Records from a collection
------------------------------------

lemma profile_minus_approx_has_derivative:
  fixes x :: "'a::real_inner"
  assumes e: "e < 0" and x: "0 < norm x" "norm x < 1"
  obtains \<kappa> where "((\<lambda>y. profile e (norm y) - profile_approx e k y) has_derivative (\<lambda>z. \<kappa> * inner x z)) (at x)"
    and "0 \<le> \<kappa>" and "\<kappa> * norm x * (1 - norm x)\<^sup>2 \<le> radial_slope_bound e"
    and "x \<notin> transition_set e k \<Longrightarrow> \<kappa> = 0"
proof -
  define \<eta> where "\<eta> = cutoff_width k"
  define a where "a = cutoff_level e k"
  define r where "r = norm x"
  define h where "h = smooth_clamp_deriv \<eta> a (profile e r)"
  define \<kappa> where "\<kappa> = (1 - h) * profile_deriv e r / r"
  have r: "0 < r" "r < 1" and "0 < \<eta>"
    using x cutoff_width_pos by (auto simp: r_def \<eta>_def)
  have "(profile e has_real_derivative profile_deriv e r) (at r)"
    using r by (intro profile_has_real_derivative) auto
  then have "((\<lambda>s. profile e s - smooth_clamp \<eta> a (profile e s)) has_real_derivative
      (1 - h) * profile_deriv e r) (at r)"
    unfolding h_def using DERIV_diff[OF _ DERIV_chain2[OF smooth_clamp_has_real_derivative[OF \<open>0 < \<eta>\<close>]]]
    by (fastforce simp: algebra_simps)
  then have "((\<lambda>y. profile e (norm y) - smooth_clamp \<eta> a (profile e (norm y))) has_derivative
      (\<lambda>z. \<kappa> * inner x z)) (at x)"
    using x unfolding \<kappa>_def r_def
    by (intro has_derivative_radial[where \<psi> = "\<lambda>s. profile e s - smooth_clamp \<eta> a (profile e s)"]) auto
  moreover have "profile e (norm y) - smooth_clamp \<eta> a (profile e (norm y)) = profile e (norm y) - profile_approx e k y"
    if "y \<in> ball 0 1" for y :: 'a
    using that by (simp add: profile_approx_def \<eta>_def a_def)
  ultimately have "((\<lambda>y. profile e (norm y) - profile_approx e k y) has_derivative (\<lambda>z. \<kappa> * inner x z)) (at x)"
    using x by (auto intro: has_derivative_transform_within_open[where s = "ball 0 1"])
  moreover have h: "0 \<le> 1 - h" "1 - h \<le> 2 + 2 * (SUP s. smooth_step_deriv s)"
    using smooth_clamp_deriv_le_1[of \<eta> a "profile e r"] smooth_clamp_deriv_ge[of \<eta> a "profile e r"]
    by (simp_all add: h_def)
  moreover have pd: "0 \<le> profile_deriv e r" "profile_deriv e r * (1 - r)\<^sup>2 \<le> - e * (ln 2 powr e / ln 2)"
    using profile_deriv_nonneg[OF e] profile_deriv_mult_square_le[OF e] r by auto
  then have "0 \<le> \<kappa>"
    using h r by (simp add: \<kappa>_def)
  moreover have "\<kappa> * r * (1 - r)\<^sup>2 \<le> radial_slope_bound e"
  proof -
    have "\<kappa> * r * (1 - r)\<^sup>2 = (1 - h) * (profile_deriv e r * (1 - r)\<^sup>2)"
      using r by (simp add: \<kappa>_def)
    also have "\<dots> \<le> radial_slope_bound e"
      unfolding radial_slope_bound_def by (rule mult_mono) (use h pd in auto)
    finally show ?thesis .
  qed
  moreover have "\<kappa> = 0" if "x \<notin> transition_set e k"
    using that x \<open>0 < \<eta>\<close>
    by (simp add: \<kappa>_def h_def transition_set_def r_def \<eta>_def a_def smooth_clamp_eq_mid)
  ultimately show ?thesis
    using that unfolding r_def by blast
qed
(* Let $d\ge2$, $\gamma>0$, $z\in\mathbb C$ with $\Re z\ge0$, and $0\ne k\in\gamma\mathbb Z^d$. Then $$\Re(c_0(z,k))\le1-\phi_0(\gamma,d),\qquad |c_1(z,k)|\le\frac1{2\sqrt d}+\frac1\gamma,\qquad d\,|c_2(z,k)|\le1-\alpha_2(d,\varepsilon)\,\phi_2(\varepsilon\gamma)\quad\text{for all }0<\varepsilon<1,$$ where $\phi_0(\cdot,d):[0,\infty)\to[0,1)$ is a continuous nondecreasing function (depending only on $d$) with $\phi_0(0,d)=0$ and $\phi_0(\gamma,d)\to1$ as $\gamma\to\infty$, and $\phi_2(u)=1-(1+u^2)^{-1/2}$. Moreover, $\varepsilon\mapsto\alpha_2(d,\varepsilon)$ is continuous and strictly decreasing on $[0,1]$ with $\alpha_2(d,0)=1/2$ and $\alpha_2(d,1)=0$.
   Context: $\mathbb S^{d-1}$ unit sphere with surface measure $d\omega$, $M_0=|\mathbb S^{d-1}|^{-1}$, $\gamma\mathbb Z^d=\{\gamma k':k'\in\mathbb Z^d\}$, $\omega_1$ the first coordinate of $\omega$. Define $$c_j(z,k)=\int_{\mathbb S^{d-1}}\frac{\omega_1^jM_0}{1+z+i|k|\omega_1}\,d\omega,\ j=0,1,2,\qquad \alpha_2(d,\varepsilon)=d\int_{\{\omega\in\mathbb S^{d-1}:\,\omega_1\ge\varepsilon\}}\omega_1^2M_0\,d\omega.$$ *)

theory Defs
  imports "HOL-Analysis.Analysis"
begin

text \<open>Average of a function over the unit sphere S^{d-1} in R^d with respect to the
  normalized surface measure M0 d omega.  Since the library has no surface measure on
  the sphere, we use the standard construction of the normalized surface measure as the
  push-forward of the normalized Lebesgue measure on the unit ball under x |-> x/|x|.\<close>
definition sph_avg :: "(real^('n::finite) \<Rightarrow> 'b::{banach, second_countable_topology}) \<Rightarrow> 'b" where
  "sph_avg f = (1 / measure lebesgue (ball (0::real^'n) 1)) *\<^sub>R
      integral\<^sup>L (lebesgue_on (ball (0::real^'n) 1)) (\<lambda>x. f (x /\<^sub>R norm x))"

definition scaled_lattice :: "real \<Rightarrow> (real^('n::finite)) set" where
  "scaled_lattice \<gamma> = {k. \<forall>j. \<exists>m::int. k $ j = \<gamma> * of_int m}"

definition cj :: "'n::finite \<Rightarrow> nat \<Rightarrow> complex \<Rightarrow> real^'n \<Rightarrow> complex" where
  "cj i1 j z k = sph_avg (\<lambda>\<omega>::real^'n.
      complex_of_real ((\<omega> $ i1) ^ j) / (1 + z + \<i> * complex_of_real (norm k * (\<omega> $ i1))))"

definition alpha2 :: "'n::finite \<Rightarrow> real \<Rightarrow> real" where
  "alpha2 i1 \<epsilon> = real CARD('n) *
      sph_avg (\<lambda>\<omega>::real^'n. if \<omega> $ i1 \<ge> \<epsilon> then (\<omega> $ i1)^2 else 0)"

definition phi2 :: "real \<Rightarrow> real" where
  "phi2 u = 1 - 1 / sqrt (1 + u^2)"

end

theory Submission
  imports Defs "HOL-Probability.Distribution_Functions"
begin

text \<open>
  The coefficients \<open>c\<^sub>j\<close> and \<open>\<alpha>\<^sub>2\<close> only depend on the law \<open>\<mu>\<close> of the coordinate \<open>\<omega>\<^sub>1\<close> under the
  normalized surface measure, the push-forward of the uniform distribution on the unit ball under
  \<open>x \<mapsto> x / \<bar>x\<bar>\<close>. Lebesgue measure is invariant under signed permutations of the coordinates, so
  \<open>\<mu>\<close> is symmetric and the same for every coordinate, whence \<open>\<integral>x\<^sup>2 d\<mu> = 1/d\<close>; for \<open>d \<ge> 2\<close> the
  cones \<open>{x\<^sub>1 = t\<bar>x\<bar>}\<close> are Lebesgue null, so \<open>\<mu>\<close> has no atoms.

  For \<open>Re z \<ge> 0\<close> one of the two moduli \<open>\<bar>1 + z \<plusminus> i b x\<bar>\<close> is at least \<open>sqrt (1 + b\<^sup>2 x\<^sup>2)\<close>;
  pairing \<open>x\<close> with \<open>-x\<close> gives the bounds on \<open>c\<^sub>1\<close> and \<open>c\<^sub>2\<close>. Finally \<open>Re (1 / (1 + z + i b x))\<close>
  is at most \<open>1\<close>, and at most \<open>1 / (2 b \<delta>)\<close> unless \<open>x\<close> lies in an interval of length \<open>2 \<delta>\<close>.
  Since \<open>\<mu>\<close> has no atoms, such intervals have uniformly small mass, so the supremum of \<open>Re c\<^sub>0\<close>
  over \<open>\<bar>k\<bar> \<ge> \<gamma>\<close> tends to \<open>0\<close>; \<open>\<phi>\<^sub>0\<close> is a continuous nondecreasing minorant of one minus
  this supremum.
\<close>

lemma integral_uniform_measure:
  fixes f :: "'a \<Rightarrow> 'b::{banach, second_countable_topology}"
  assumes A: "A \<in> sets M" "emeasure M A \<noteq> 0" "emeasure M A \<noteq> \<infinity>"
    and f: "f \<in> borel_measurable M"
  shows "integral\<^sup>L (uniform_measure M A) f
    = (1 / measure M A) *\<^sub>R integral\<^sup>L M (\<lambda>x. indicator A x *\<^sub>R f x)"
proof -
  have eq: "emeasure M A = ennreal (measure M A)"
    using A(3) by (simp add: emeasure_eq_ennreal_measure)
  then have pos: "measure M A > 0"
    using A(2) by (simp add: zero_less_measure_iff)
  have "uniform_measure M A = density M (\<lambda>x. indicator A x / measure M A)"
  proof -
    have "indicator A x / ennreal (measure M A) = ennreal (indicator A x / measure M A)" for x
      by (cases "x \<in> A") (simp_all add: divide_ennreal[of 1, simplified] pos)
    then show ?thesis
      unfolding uniform_measure_def eq by simp
  qed
  then have "integral\<^sup>L (uniform_measure M A) f
      = integral\<^sup>L M (\<lambda>x. (indicator A x / measure M A) *\<^sub>R f x)"
    using A(1) f by (simp add: integral_density)
  then show ?thesis
    by (simp add: divide_inverse_commute flip: scaleR_scaleR)
qed
section \<open>Partial sums of sorted bounds\<close>

lemma sum_le_sum_of_threshold:
  fixes g :: "'b \<Rightarrow> real"
  assumes "finite U" "finite B" "card U = card B"
    and above: "\<And>l. l \<in> U - B \<Longrightarrow> \<theta> \<le> g l" and below: "\<And>l. l \<in> B - U \<Longrightarrow> g l \<le> \<theta>"
  shows "sum g B \<le> sum g U"
proof -
  have "card (U - B) = card (B - U)"
    using assms(1-3) by (simp add: card_Diff_subset_Int Int_commute)
  then have "sum g (B - U) \<le> sum g (U - B)"
    using sum_bounded_above[of "B - U" g \<theta>] sum_bounded_below[of "U - B" \<theta> g] above below by simp
  then show ?thesis
    using assms(1,2) sum.Int_Diff[of U g B] sum.Int_Diff[of B g U] by (simp add: Int_commute)
qed

lemma exists_ge_average:
  fixes q :: "'b \<Rightarrow> real"
  assumes "finite U" "U \<noteq> {}" "y * real (card U) \<le> sum q U"
  shows "\<exists>i\<in>U. y \<le> q i"
proof (rule ccontr)
  assume "\<not> (\<exists>i\<in>U. y \<le> q i)"
  then have "sum q U < of_nat (card U) * y"
    using assms(1,2) by (intro sum_bounded_above_strict) (auto simp: card_gt_0_iff)
  with assms(3) show False
    by (simp add: mult.commute)
qed

lemma exists_le_average:
  fixes q :: "'b \<Rightarrow> real"
  assumes "finite U" "U \<noteq> {}" "sum q U \<le> y * real (card U)"
  shows "\<exists>i\<in>U. q i \<le> y"
  using exists_ge_average[of U "- y" "\<lambda>i. - q i"] assms by (auto simp: sum_negf)

lemma ex_ge_max_Max:
  fixes q :: "'b \<Rightarrow> real"
  assumes "finite A" "A \<noteq> {}" "\<exists>i\<in>S. \<alpha> \<le> q i" "\<forall>y\<in>A. \<exists>i\<in>S. y \<le> q i"
  shows "\<exists>i\<in>S. max \<alpha> (Max A) \<le> q i"
  using Max_in[OF assms(1,2)] assms(3,4) by (auto simp: max_def)

lemma ex_le_min_Min:
  fixes q :: "'b \<Rightarrow> real"
  assumes "finite A" "A \<noteq> {}" "\<exists>j\<in>T. q j \<le> \<beta>" "\<forall>y\<in>A. \<exists>j\<in>T. q j \<le> y"
  shows "\<exists>j\<in>T. q j \<le> min \<beta> (Min A)"
  using Min_in[OF assms(1,2)] assms(3,4) by (auto simp: min_def)

lemma exists_subset_sum_ge_sorted_block:
  fixes g :: "'b \<Rightarrow> real"
  assumes a: "bij_betw a {1..d} L"
    and sorted: "\<forall>l\<in>{1..d}. \<forall>l'\<in>{1..d}. l \<le> l' \<longrightarrow> g (a l') \<le> g (a l)"
    and S: "S \<subseteq> L" "d - e' + 1 \<le> card S"
    and e': "1 \<le> e'" "e' \<le> d" and u: "1 \<le> u" "u \<le> d - e' + 1"
  shows "\<exists>U\<subseteq>S. card U = u \<and> (\<Sum>l = e'..e' + u - 1. g (a l)) \<le> sum g U"
proof -
  define N where "N = e' + u - 1"
  define J where "J = {l \<in> {1..N}. a l \<in> S}"
  have "S \<subseteq> a ` J \<union> a ` {N + 1..d}"
  proof
    fix i assume "i \<in> S"
    then obtain l where "l \<in> {1..d}" "a l = i"
      using S(1) a by (auto simp: bij_betw_def)
    then show "i \<in> a ` J \<union> a ` {N + 1..d}"
      using \<open>i \<in> S\<close> by (cases "l \<le> N") (auto simp: J_def)
  qed
  then have "card S \<le> card (a ` J \<union> a ` {N + 1..d})"
    by (intro card_mono) (auto simp: J_def)
  also have "\<dots> \<le> card J + card {N + 1..d}"
    by (rule order_trans[OF card_Un_le add_mono[OF card_image_le card_image_le]]) (auto simp: J_def)
  finally have "u \<le> card J"
    using S(2) u e' by (simp add: N_def)
  then obtain U' where U': "U' \<subseteq> J" "card U' = u"
    by (meson obtain_subset_with_card_n)
  have U'_sub: "U' \<subseteq> {1..N}" "U' \<subseteq> {1..d}"
    using U'(1) u e' by (auto simp: J_def N_def)
  have "(\<Sum>l = e'..N. g (a l)) \<le> (\<Sum>l\<in>U'. g (a l))"
  proof (rule sum_le_sum_of_threshold[where \<theta> = "g (a e')"])
    show "finite U'" "card U' = card {e'..N}"
      using U'(2) U'_sub u e' finite_subset by (auto simp: N_def)
    show "g (a e') \<le> g (a l)" if "l \<in> U' - {e'..N}" for l
      using that U'_sub sorted e' by auto
    show "g (a l) \<le> g (a e')" if "l \<in> {e'..N} - U'" for l
      using that sorted e' u by (auto simp: N_def)
  qed simp
  moreover have "inj_on a U'"
    using a U'_sub(2) by (auto simp: bij_betw_def intro: inj_on_subset)
  ultimately show ?thesis
    using U' by (intro exI[of _ "a ` U'"]) (auto simp: J_def N_def sum.reindex card_image)
qed
theorem proposition4:
  fixes k d b bt :: "real \<Rightarrow> real"
    and c \<eta> ct :: "real \<Rightarrow> real \<Rightarrow> real"
    and ctot_x ctot_y ct_x ct_y :: "real \<Rightarrow> real \<Rightarrow> real"
    and N1 N2 Nst :: real
  assumes meas: "set_borel_measurable lborel {0..} k" "set_borel_measurable lborel {0..} d"
      "set_borel_measurable lborel {0..} b" "set_borel_measurable lborel {0..} bt"
    and nonneg: "\<And>a. a \<ge> 0 \<Longrightarrow> k a \<ge> 0" "\<And>a. a \<ge> 0 \<Longrightarrow> d a \<ge> 0"
      "\<And>a. a \<ge> 0 \<Longrightarrow> b a \<ge> 0" "\<And>a. a \<ge> 0 \<Longrightarrow> bt a \<ge> 0"
    and k_inf: "Ipos k = \<infinity>" and d_inf: "Ipos d = \<infinity>"
    and R_gt: "1 < Ipos (\<lambda>a. b a * surv k a + bt a * surv d a)"
    and R_fin: "Ipos (\<lambda>a. b a * surv k a + bt a * surv d a) < \<infinity>"
    and c_meas: "case_prod c \<in> borel_measurable borel" "case_prod \<eta> \<in> borel_measurable borel"
      "case_prod ct \<in> borel_measurable borel"
    and c_locbdd: "\<And>K. compact K \<Longrightarrow> bounded (case_prod c ` K)"
      "\<And>K. compact K \<Longrightarrow> bounded (case_prod \<eta> ` K)"
      "\<And>K. compact K \<Longrightarrow> bounded (case_prod ct ` K)"
    and c00: "c 0 0 = 0" "\<eta> 0 0 = 0" "ct 0 0 = 0"
    and c_nn: "\<And>x y. x \<ge> 0 \<Longrightarrow> y \<ge> 0 \<Longrightarrow> c x y \<ge> 0"
      "\<And>x y. x \<ge> 0 \<Longrightarrow> y \<ge> 0 \<Longrightarrow> \<eta> x y \<ge> 0"
      "\<And>x y. x \<ge> 0 \<Longrightarrow> y \<ge> 0 \<Longrightarrow> ct x y \<ge> 0"
    and ctot_dx: "\<And>x y. x \<ge> 0 \<Longrightarrow> y \<ge> 0 \<Longrightarrow>
        ((\<lambda>x'. c x' y + \<eta> x' y) has_real_derivative ctot_x x y) (at x within {0..})"
    and ctot_dy: "\<And>x y. x \<ge> 0 \<Longrightarrow> y \<ge> 0 \<Longrightarrow>
        ((\<lambda>y'. c x y' + \<eta> x y') has_real_derivative ctot_y x y) (at y within {0..})"
    and ct_dx: "\<And>x y. x \<ge> 0 \<Longrightarrow> y \<ge> 0 \<Longrightarrow>
        ((\<lambda>x'. ct x' y) has_real_derivative ct_x x y) (at x within {0..})"
    and ct_dy: "\<And>x y. x \<ge> 0 \<Longrightarrow> y \<ge> 0 \<Longrightarrow>
        ((\<lambda>y'. ct x y') has_real_derivative ct_y x y) (at y within {0..})"
    and signs: "\<And>x y. x \<ge> 0 \<Longrightarrow> y \<ge> 0 \<Longrightarrow> ctot_x x y > 0"
      "\<And>x y. x \<ge> 0 \<Longrightarrow> y \<ge> 0 \<Longrightarrow> ctot_y x y \<ge> 0"
      "\<And>x y. x \<ge> 0 \<Longrightarrow> y \<ge> 0 \<Longrightarrow> ct_x x y \<ge> 0"
      "\<And>x y. x \<ge> 0 \<Longrightarrow> y \<ge> 0 \<Longrightarrow> ct_y x y > 0"
    and ct_lim: "\<And>x0. x0 \<ge> 0 \<Longrightarrow> filterlim (\<lambda>y. ct x0 y) at_top at_top"
    and c_lim: "\<And>y0. y0 \<ge> 0 \<Longrightarrow> filterlim (\<lambda>x. c x y0) at_top at_top"
    and norm_cond: "\<And>x' y'. x' \<ge> 0 \<Longrightarrow> y' \<ge> 0 \<Longrightarrow>
        (AE p in lborel. fst p \<ge> 0 \<and> snd p \<ge> 0 \<longrightarrow>
           \<bar>ctot_y (fst p) (snd p)\<bar> \<le> ctot_x x' y')"
    and N_nn: "N1 \<ge> 0" "N2 \<ge> 0"
    and fin: "Ipos (\<lambda>a. bt a * surv d a * exp (- ct N1 N2 * a)) < \<infinity>"
      "Ipos (\<lambda>a. (k a + \<eta> N1 N2) * surv k a * exp (- (c N1 N2 + \<eta> N1 N2) * a)) < \<infinity>"
      "Ipos (\<lambda>a. b a * surv k a * exp (- (c N1 N2 + \<eta> N1 N2) * a)) < \<infinity>"
      "Ipos (\<lambda>a. surv d a * exp (- ct N1 N2 * a)) < \<infinity>"
      "Ipos (\<lambda>a. surv k a * exp (- (c N1 N2 + \<eta> N1 N2) * a)) < \<infinity>"
    and eq1: "Ipos (\<lambda>a. bt a * surv d a * exp (- ct N1 N2 * a))
        * Ipos (\<lambda>a. (k a + \<eta> N1 N2) * surv k a * exp (- (c N1 N2 + \<eta> N1 N2) * a))
        + Ipos (\<lambda>a. b a * surv k a * exp (- (c N1 N2 + \<eta> N1 N2) * a)) = 1"
    and eq2: "ennreal N1 * Ipos (\<lambda>a. surv d a * exp (- ct N1 N2 * a))
        * Ipos (\<lambda>a. (k a + \<eta> N1 N2) * surv k a * exp (- (c N1 N2 + \<eta> N1 N2) * a))
        = ennreal N2 * Ipos (\<lambda>a. surv k a * exp (- (c N1 N2 + \<eta> N1 N2) * a))"
    and Nst: "is_Nstar k b (\<lambda>N. c N 0 + \<eta> N 0) Nst"
  shows "N1 + N2 \<ge> Nst"
  
proof (cases "Nst = 0")
  case True
  then show ?thesis
    using N_nn by simp
next
  case False
  then obtain \<mu>0 where \<mu>0: "Ipos (\<lambda>a. b a * surv k a * exp (- \<mu>0 * a)) = 1" "c Nst 0 + \<eta> Nst 0 = \<mu>0"
    using Nst unfolding is_Nstar_def by auto
  have "\<mu>0 \<le> c N1 N2 + \<eta> N1 N2"
  proof (rule Ipos_exp_le_imp_rate_le[OF set_borel_measurable_mult_surv[OF meas(3), where k = k]])
    show "0 \<le> b a * surv k a" if "a \<ge> 0" for a
      using nonneg(3)[OF that] surv_nonneg by simp
    show "Ipos (\<lambda>a. b a * surv k a * exp (- (c N1 N2 + \<eta> N1 N2) * a))
        \<le> Ipos (\<lambda>a. b a * surv k a * exp (- \<mu>0 * a))"
      unfolding \<mu>0(1) eq1[symmetric] by (rule add_increasing[OF zero_le order_refl])
  qed (use \<mu>0(1) in simp_all)
  moreover have "c N1 N2 + \<eta> N1 N2 < c Nst 0 + \<eta> Nst 0" if "N1 + N2 < Nst"
    by (rule less_axis_value[where F = "\<lambda>x y. c x y + \<eta> x y" and Fx = ctot_x and Fy = ctot_y])
      (use ctot_dx ctot_dy signs(1) norm_cond N_nn that in \<open>auto intro: less_imp_le\<close>)
  ultimately show ?thesis
    using \<mu>0(2) by force
qed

------------------------------------

* _Required work_
With the line that has "and c \<eta>" as the first and the line that has "0 \<Longrightarrow> k" as the last, repeat exactly that run of lines above and no more.

* _Exercise response_
    and c \<eta> ct :: "real \<Rightarrow> real \<Rightarrow> real"
    and ctot_x ctot_y ct_x ct_y :: "real \<Rightarrow> real \<Rightarrow> real"
    and N1 N2 Nst :: real
  assumes meas: "set_borel_measurable lborel {0..} k" "set_borel_measurable lborel {0..} d"
      "set_borel_measurable lborel {0..} b" "set_borel_measurable lborel {0..} bt"
    and nonneg: "\<And>a. a \<ge> 0 \<Longrightarrow> k a \<ge> 0" "\<And>a. a \<ge> 0 \<Longrightarrow> d a \<ge> 0"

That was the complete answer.